Type    Statistic Name                                                               Value
------  ----------------------------------------------------------------  ----------------
STAT    cell num bytes in passthru during predicate offload                 28,004,319,232
STAT    cell num smart IO sessions using passthru mode due to cellsrv                    1
STAT    cell physical IO bytes eligible for predicate offload               83,886,137,344
STAT    cell physical IO bytes saved by storage index                       51,698,524,160
STAT    cell physical IO interconnect bytes returned by smart scan          28,004,930,160

Passthrough mode implies that the cells still perform a part of the Smart Scan, but instead of applying the predicate filtering, they pass the entire block to the RDBMS layer. You can read more about passthrough mode in Chapter 11.

How to Verify That Smart Scan Is Happening

One of the most important things you can learn about Exadata is how to identify whether a query has been able to take advantage of Smart Scans. Interestingly, the normal execution plan output produced by the DBMS_XPLAN package will not show you whether a Smart Scan was used or not. Here’s an example:

PLAN_TABLE_OUTPUT
-------------------------------------
SQL_ID  2y17pb7bnmpt0, child number 0
-------------------------------------
select count(*) from bigtab where id = 17000

Plan hash value: 2140185107

-------------------------------------------------------------------------------------
| Id  | Operation                  | Name   | Rows  | Bytes | Cost (%CPU)| Time     |
-------------------------------------------------------------------------------------
|   0 | SELECT STATEMENT           |        |       |       |  2779K(100)|          |
|   1 |  SORT AGGREGATE            |        |     1 |     6 |            |          |
|*  2 |   TABLE ACCESS STORAGE FULL| BIGTAB |    32 |   192 |  2779K  (1)| 00:01:49 |
-------------------------------------------------------------------------------------

Predicate Information (identified by operation id):
---------------------------------------------------

   2 - storage("ID"=17000)
       filter("ID"=17000)

Notice that the optimizer chose a TABLE ACCESS STORAGE FULL operation and that the predicate section shows a storage() predicate associated with step 2 of the plan. Both of these characteristics indicate that a Smart Scan was possible, but neither provides a definitive verification. In fact, the statement in this listing was not executed with a Smart Scan. If you wonder why, we set _serial_direct_read to never in the session just prior to executing the query.

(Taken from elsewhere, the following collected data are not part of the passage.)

lemma xi_le_xi_del_vertex_plus_xi_del_closed_nbhd:
  assumes G: "simple_graph V E" and v: "v \<in> V"
  shows "xi V E \<le> xi (V - {v}) (edges_outside E {v})
                  + xi (V - closed_nbhd E v) (edges_outside E (closed_nbhd E v))"
proof -
  have fin: "finite V" using G by (simp add: simple_graph_def)
  let ?A = "{S \<in> max_indep_sets V E. v \<notin> S}" and ?B = "{S \<in> max_indep_sets V E. v \<in> S}"
  have "?A \<subseteq> max_indep_sets (V - {v}) (edges_outside E {v})"
  proof
    fix S assume "S \<in> ?A"
    then have "indep_set (V - {v}) (edges_outside E {v}) S" "card S = alpha V E"
      by (auto simp: max_indep_sets_def indep_set_edges_outside_iff)
    then show "S \<in> max_indep_sets (V - {v}) (edges_outside E {v})"
      using card_le_alpha[of "V - {v}"] alpha_edges_outside_le[OF fin, of "{v}" E] fin
      by (force simp: max_indep_sets_def)
  qed
  then have "card ?A \<le> xi (V - {v}) (edges_outside E {v})"
    unfolding xi_eq_card_max_indep_sets by (intro card_mono finite_max_indep_sets) (use fin in auto)
  moreover have "card ?B \<le> xi (V - closed_nbhd E v) (edges_outside E (closed_nbhd E v))"
  proof -
    have "\<exists>x\<in>{v}. S \<inter> closed_nbhd E v = {x}" if "S \<in> ?B" for S
      using that by (auto simp: max_indep_sets_def indep_set_def closed_nbhd_def)
    then show ?thesis
      using card_le_card_mult_xi_del[OF fin _ _ _ alpha_del_closed_nbhd_less[OF G v], of ?B "{v}"]
      by auto
  qed
  moreover have "xi V E = card ?A + card ?B"
  proof -
    have "max_indep_sets V E = ?A \<union> ?B" "?A \<inter> ?B = {}" by blast+
    moreover have "finite ?A" "finite ?B" using finite_max_indep_sets[OF fin] by auto
    ultimately show ?thesis by (metis card_Un_disjoint xi_eq_card_max_indep_sets)
  qed
  ultimately show ?thesis by linarith
qed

The fact that execution plans do not show whether a Smart Scan was performed is a bit frustrating. However, there are several techniques that you can use to work around this issue. The next few sections will introduce some useful techniques. Note that the topic of analyzing whether a Smart Scan happened and how effective it was is covered in much more detail in Chapters 10 and 11.

10046 Trace

One of the most straightforward ways to determine whether a Smart Scan was used is to enable a 10046 trace on the statement in question. Unfortunately, this is a bit cumbersome and does not allow you to do any investigation into what has happened with past executions. Nevertheless, tracing is a fairly foolproof way to verify whether a Smart Scan was used or not. If a Smart Scan was used, there will be CELL SMART TABLE SCAN or CELL SMART INDEX SCAN events in the trace file. Here is an excerpt from the trace file collected for the previous statement (reformatted for better readability):

PARSING IN CURSOR #1..4 len=44 dep=0 uid=65 oct=3 lid=65 tim=1625363834946
  hv=3611940640 ad='5e7a2e420' sqlid='2y17pb7bnmpt0'
WAIT #139856525281664: nam='cell single block physical read' ela= 1237 ...
WAIT #139856525281664: nam='cell single block physical read' ela= 651 ...
WAIT #139856525281664: nam='cell single block physical read' ela= 598 ...
...
WAIT #139856525281664: nam='cell multiblock physical read' ela= 1189 ...
WAIT #139856525281664: nam='cell single block physical read' ela= 552 ...
WAIT #139856525281664: nam='cell multiblock physical read' ela= 596 ...
WAIT #139856525281664: nam='cell multiblock physical read' ela= 612 ...
WAIT #139856525281664: nam='cell multiblock physical read' ela= 607 ...
WAIT #139856525281664: nam='cell multiblock physical read' ela= 632 ...
WAIT #139856525281664: nam='cell multiblock physical read' ela= 618 ...
[...]

Note that the events recorded in this part of the trace file are single-block and multi-block reads. Oracle used the opportunity to rename the db file sequential read and db file scattered read wait events to the less confusing cell single-block read and cell multi-block read. Here’s an example showing a Smart Scan:

PARSING IN CURSOR #139856525283104 len=44 dep=0 uid=65 oct=3 lid=65 tim=1625653524727
  hv=3611940640 ad='5e7a2e420' sqlid='2y17pb7bnmpt0'
select count(*) from bigtab where id = 17000
END OF STMT
PARSE #139856525283104:c=0,e=117,p=0,cr=0,cu=0,mis=0,r=0,dep=0,og=1,plh=2140185107,...
EXEC #139856525283104:c=0,e=55,p=0,cr=0,cu=0,mis=0,r=0,dep=0,og=1,plh=2140185107,...
WAIT #139856525283104: nam='SQL*Net message to client' ela= 3 ...
WAIT #139856525283104: nam='reliable message' ela= 1049 channel context=26855200120 ...
WAIT #139856525283104: nam='enq: KO - fast object checkpoint' ela= 298 ...
WAIT #139856525283104: nam='enq: KO - fast object checkpoint' ela= 156 ...
WAIT #139856525283104: nam='cell smart table scan' ela= 151 ...
WAIT #139856525283104: nam='cell smart table scan' ela= 168 ...
WAIT #139856525283104: nam='cell smart table scan' ela= 153 ...
WAIT #139856525283104: nam='cell smart table scan' ela= 269 ...
WAIT #139856525283104: nam='cell smart table scan' ela= 209 ...
WAIT #139856525283104: nam='cell smart table scan' ela= 231 ...
WAIT #139856525283104: nam='cell smart table scan' ela= 9 ...
[...]

In the second example, you can see many cell Smart Table Scan events, indicating that processing has been offloaded to the storage tier.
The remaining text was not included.